The product samples from examples 1-4 were tested for load stability at various temperatures, as shown in Table 1 and FIG. 3, for sample alloy testing versus the K test, with a 1000 + -50 μ ε load on a GH975 standard test beam.
TABLE 1
In table 1, each sample is divided into an upper column and a lower column at each temperature, the upper column is a strain value of the sample calibrated by loading a K value at each temperature, the lower column is a relative ratio K of the strain value of the sample at each temperature and the strain value of the sample at 200 ℃, as can be seen from table 1, the K value of the sample at 900 ℃ is more than 80%, the change degree of the strain is small, and the strain of the product cannot be too large when the product meets the condition of 900 ℃.
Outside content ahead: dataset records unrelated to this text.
definition word_act :: "(int \<Rightarrow> 'a \<Rightarrow> 'a) \<Rightarrow> nat list \<Rightarrow> 'a \<Rightarrow> 'a" where
  "word_act L J w = foldr (\<lambda>j x. L (- int j) x) J w"

definition sigma_act :: "(complex \<Rightarrow> 'a::ab_group_add \<Rightarrow> 'a) \<Rightarrow> (int \<Rightarrow> 'a \<Rightarrow> 'a)
    \<Rightarrow> (nat list \<Rightarrow> complex) \<Rightarrow> 'a \<Rightarrow> 'a" where
  "sigma_act sc L rho w = (\<Sum>J\<in>{J. rho J \<noteq> 0}. sc (rho J) (word_act L J w))"

definition singular_vec :: "(complex \<Rightarrow> 'a::ab_group_add \<Rightarrow> 'a) \<Rightarrow> (int \<Rightarrow> 'a \<Rightarrow> 'a) \<Rightarrow> 'a \<Rightarrow> bool" where
  "singular_vec sc L w \<longleftrightarrow> (\<forall>n>0. L n w = 0) \<and> (\<exists>a. L 0 w = sc a w)"

definition is_verma :: "complex \<Rightarrow> complex \<Rightarrow> (complex \<Rightarrow> 'a::ab_group_add \<Rightarrow> 'a)
    \<Rightarrow> (int \<Rightarrow> 'a \<Rightarrow> 'a) \<Rightarrow> 'a \<Rightarrow> bool" where
  "is_verma c h sc L v \<longleftrightarrow> vir_module c sc L \<and> L 0 v = sc h v \<and> (\<forall>n>0. L n v = 0) \<and>
     module.span sc ((\<lambda>J. word_act L J v) ` {J. is_part J}) = UNIV \<and>
     \<not> module.dependent sc ((\<lambda>J. word_act L J v) ` {J. is_part J}) \<and>
     inj_on (\<lambda>J. word_act L J v) {J. is_part J}"

definition is_irr_hw :: "complex \<Rightarrow> complex \<Rightarrow> (complex \<Rightarrow> 'a::ab_group_add \<Rightarrow> 'a)
    \<Rightarrow> (int \<Rightarrow> 'a \<Rightarrow> 'a) \<Rightarrow> bool" where
  "is_irr_hw c h sc L \<longleftrightarrow> vir_module c sc L \<and>
     (\<exists>w. w \<noteq> 0 \<and> L 0 w = sc h w \<and> (\<forall>n>0. L n w = 0)) \<and>
     (\<forall>U. module.subspace sc U \<and> (\<forall>n. L n ` U \<subseteq> U) \<and> U \<noteq> {0} \<longrightarrow> U = UNIV)"

text \<open>Vir^c has PBW basis L_{-j_1}...L_{-j_u} 1 with j_1 \<ge> ... \<ge> j_u \<ge> 2; its elements are
  finitely supported coefficient functions on such lists.\<close>
definition virc_basis :: "nat list \<Rightarrow> bool" where
  "virc_basis J \<longleftrightarrow> sorted_wrt (\<ge>) J \<and> (\<forall>j\<in>set J. 2 \<le> j)"

definition virc_elem :: "(nat list \<Rightarrow> complex) \<Rightarrow> bool" where
  "virc_elem v \<longleftrightarrow> finite {J. v J \<noteq> 0} \<and> (\<forall>J. v J \<noteq> 0 \<longrightarrow> virc_basis J)"

text \<open>Modes u_(n) of u = L_{-j_1}...L_{-j_u} 1 on a module, where omega_(k) = L_{k-1},
  1_(n) = delta_{n,-1} id, and (omega_(p) b)_(n) is given by the iterate formula
  sum_i (-1)^i (p choose i) (omega_(p-i) b_(n+i) - (-1)^p b_(p+n-i) omega_(i)),
  a sum with finitely many nonzero terms on each vector.\<close>
fun vmode :: "(complex \<Rightarrow> 'a::ab_group_add \<Rightarrow> 'a) \<Rightarrow> (int \<Rightarrow> 'a \<Rightarrow> 'a) \<Rightarrow> nat list \<Rightarrow> int \<Rightarrow> 'a \<Rightarrow> 'a" where
  "vmode sc L [] n w = (if n = -1 then w else 0)"
| "vmode sc L (j # J) n w =
     (let p = 1 - int j;
          T = (\<lambda>i::nat. sc ((-1) ^ i * ((of_int p :: complex) gchoose i))
                 (L (p - int i - 1) (vmode sc L J (n + int i) w)
                  - sc ((-1) powi p) (vmode sc L J (p + n - int i) (L (int i - 1) w))))
      in \<Sum>i\<in>{i. T i \<noteq> 0}. T i)"

definition vop :: "(complex \<Rightarrow> 'a::ab_group_add \<Rightarrow> 'a) \<Rightarrow> (int \<Rightarrow> 'a \<Rightarrow> 'a)
    \<Rightarrow> (nat list \<Rightarrow> complex) \<Rightarrow> int \<Rightarrow> 'a \<Rightarrow> 'a" where
  "vop sc L v n w = (\<Sum>J\<in>{J. v J \<noteq> 0}. sc (v J) (vmode sc L J n w))"

text \<open>Y a n b is the coefficient a_(n) b (n complex) of Y(a,z)b = sum_n a_(n) b z^{-n-1}.\<close>
definition intertwining ::
  "complex \<Rightarrow> (complex \<Rightarrow> 'a::ab_group_add \<Rightarrow> 'a) \<Rightarrow> (int \<Rightarrow> 'a \<Rightarrow> 'a)
   \<Rightarrow> (complex \<Rightarrow> 'b::ab_group_add \<Rightarrow> 'b) \<Rightarrow> (int \<Rightarrow> 'b \<Rightarrow> 'b)
   \<Rightarrow> (complex \<Rightarrow> 'c::ab_group_add \<Rightarrow> 'c) \<Rightarrow> (int \<Rightarrow> 'c \<Rightarrow> 'c)
   \<Rightarrow> ('a \<Rightarrow> complex \<Rightarrow> 'b \<Rightarrow> 'c) \<Rightarrow> bool" where
  "intertwining c sc1 L1 sc2 L2 sc3 L3 Y \<longleftrightarrow>
     (\<forall>n b. Vector_Spaces.linear sc1 sc3 (\<lambda>a. Y a n b)) \<and>
     (\<forall>a n. Vector_Spaces.linear sc2 sc3 (\<lambda>b. Y a n b)) \<and>
     (\<exists>S F. (\<forall>d\<in>S. d + 1 \<in> S \<and> d - 1 \<in> S) \<and> finite F \<and>
            S \<subseteq> {d + of_int m | d m. d \<in> F} \<and>
            (\<forall>a b. \<exists>D. finite D \<and> D \<subseteq> S \<and>
               (\<forall>n. Y a n b \<noteq> 0 \<longrightarrow> (\<exists>d\<in>D. \<exists>i::nat. - n - 1 = - d + of_nat i)))) \<and>
     (\<forall>a n b. L3 (-1) (Y a n b) - Y a n (L2 (-1) b) = Y (L1 (-1) a) n b) \<and>
     (\<forall>a n b. Y (L1 (-1) a) n b = sc3 (- n) (Y a (n - 1) b)) \<and>
     (\<forall>v a b (n::int) (m::int) k'. virc_elem v \<longrightarrow>
        (let T1 = (\<lambda>j::nat. sc3 ((-1) ^ j * ((of_int n :: complex) gchoose j))
                     (vop sc3 L3 v (m + n - int j) (Y a (k' + of_nat j) b)
                      - sc3 ((-1) powi n) (Y a (of_int n + k' - of_nat j) (vop sc2 L2 v (m + int j) b))));
             T2 = (\<lambda>j::nat. sc3 ((of_int m :: complex) gchoose j)
                     (Y (vop sc1 L1 v (n + int j) a) (of_int m + k' - of_nat j) b))
         in (\<Sum>j\<in>{j. T1 j \<noteq> 0}. T1 j) = (\<Sum>j\<in>{j. T2 j \<noteq> 0}. T2 j)))"

end

theory Submission
  imports Defs "HOL-Library.Product_Plus"
begin

text \<open>A nonzero intertwining operator Y has a nonzero mode w1_(k) w2 on the highest weight vectors
  w1, w2: the vectors annihilated by all modes form submodules, so irreducibility applies twice.
  Lower truncation then yields a top such mode y = w1_(k) w2. For the primary field w1 the Jacobi
  identity with \<omega> = L_{-2} 1 gives [L_n, w1_(k)] = ((n+1) h1 - (n+1) - k) w1_(n+k). Hence y is a
  highest weight vector of weight h2 + h1 - 1 - k, which forces h = h2 + h1 - 1 - k, and
  w1_(k+|J|) L_{-J} w2 is the coefficient of L_{-J} f_0 in the Witt module F_{-h1, k+1-2h1} times y.
  Finally the singular vector \<sigma> v maps to zero in the irreducible quotient of highest weight
  h_{r,s}, so applying w1_(k+rs) to \<sigma> w2 = 0 gives \<rho>(-h1, h2 - h - h1) y = 0.\<close>

section \<open>Highest weight vectors of irreducible modules\<close>

definition vir_irreducible :: "(complex \<Rightarrow> 'a::ab_group_add \<Rightarrow> 'a) \<Rightarrow> (int \<Rightarrow> 'a \<Rightarrow> 'a) \<Rightarrow> bool" where
  "vir_irreducible sc L \<longleftrightarrow>
     (\<forall>U. module.subspace sc U \<and> (\<forall>n. L n ` U \<subseteq> U) \<and> U \<noteq> {0} \<longrightarrow> U = UNIV)"

definition hw_vector :: "(complex \<Rightarrow> 'a::ab_group_add \<Rightarrow> 'a) \<Rightarrow> (int \<Rightarrow> 'a \<Rightarrow> 'a) \<Rightarrow> complex \<Rightarrow> 'a \<Rightarrow> bool" where
  "hw_vector sc L h w \<longleftrightarrow> w \<noteq> 0 \<and> L 0 w = sc h w \<and> (\<forall>n>0. L n w = 0)"

lemma is_irr_hw_iff:
  "is_irr_hw c h sc L \<longleftrightarrow> vir_module c sc L \<and> (\<exists>w. hw_vector sc L h w) \<and> vir_irreducible sc L"
  by (auto simp: is_irr_hw_def hw_vector_def vir_irreducible_def)

locale vir_rep = vector_space sc
  for sc :: "complex \<Rightarrow> 'a::ab_group_add \<Rightarrow> 'a" +
  fixes L :: "int \<Rightarrow> 'a \<Rightarrow> 'a" and c :: complex
  assumes L_linear: "Vector_Spaces.linear sc sc (L n)"
    and L_bracket: "L n (L m w) - L m (L n w) = sc (of_int (n - m)) (L (n + m) w)
        + (if n = - m then sc ((of_int n ^ 3 - of_int n) / 12 * c) w else 0)"
begin

lemma L_hom: "module_hom sc sc (L n)"
  using L_linear[of n] by (simp add: linear_iff_module_hom)

lemma L_add: "L n (x + y) = L n x + L n y" using module_hom.add[OF L_hom] .
lemma L_scale: "L n (sc a x) = sc a (L n x)" using module_hom.scale[OF L_hom] .
lemma L_zero[simp]: "L n 0 = 0" using module_hom.zero[OF L_hom] .
lemma L_sum: "L n (sum f A) = (\<Sum>a\<in>A. L n (f a))" using module_hom.sum[OF L_hom] .

lemma L_commute: "L n (L m w) = L m (L n w) + sc (of_int (n - m)) (L (n + m) w)
        + (if n = - m then sc ((of_int n ^ 3 - of_int n) / 12 * c) w else 0)"
  using L_bracket[of n m w] by (simp add: algebra_simps)

lemma hom_image_in_span:
  assumes "module_hom sc sc f" "f ` S \<subseteq> span T" "u \<in> span S"
  shows "f u \<in> span T"
proof -
  have "f u \<in> f ` span S" using assms(3) by blast
  also have "\<dots> = span (f ` S)" using module_hom.span_image[OF assms(1)] by simp
  also have "\<dots> \<subseteq> span T" using assms(2) by (metis span_mono span_span)
  finally show ?thesis .
qed

lemma word_act_Nil[simp]: "word_act L [] w = w"
  by (simp add: word_act_def)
Product heat output repeatability tests were performed at various temperatures on product samples from examples 1-4, as shown in table 2 and fig. 4, for samples tested on GH975 alloy heat output, and on GH975 standard heat output test beam surfaces tested at 900 ℃ heat output dispersion of 49.7 μ ∈.
TABLE 2
Temperature of | 20℃ | 200℃ | 300℃ | 400℃ | 600℃ | 800℃ | 900℃ |
Sample 1 | -1 | -463 | 1341 | 3107 | 9045 | 15938 | 17931 |
Sample 2 | 0 | -500 | 1400 | 3300 | 8905 | 14887 | 17893 |
Sample 3 | -3 | -488 | 1544 | 3122 | 9021 | 15673 | 18001 |
Sample 4 | 2 | -502 | 1345 | 2989 | 9213 | 16022 | 17985 |
As can be seen from Table 2, the thermal output strain value of each sample at the same temperature is the strain value of the sample at each temperature, the error is small, the thermal output strain value is kept in a certain interval, and the sensitivity coefficient and the creep deformation cannot be changed too much.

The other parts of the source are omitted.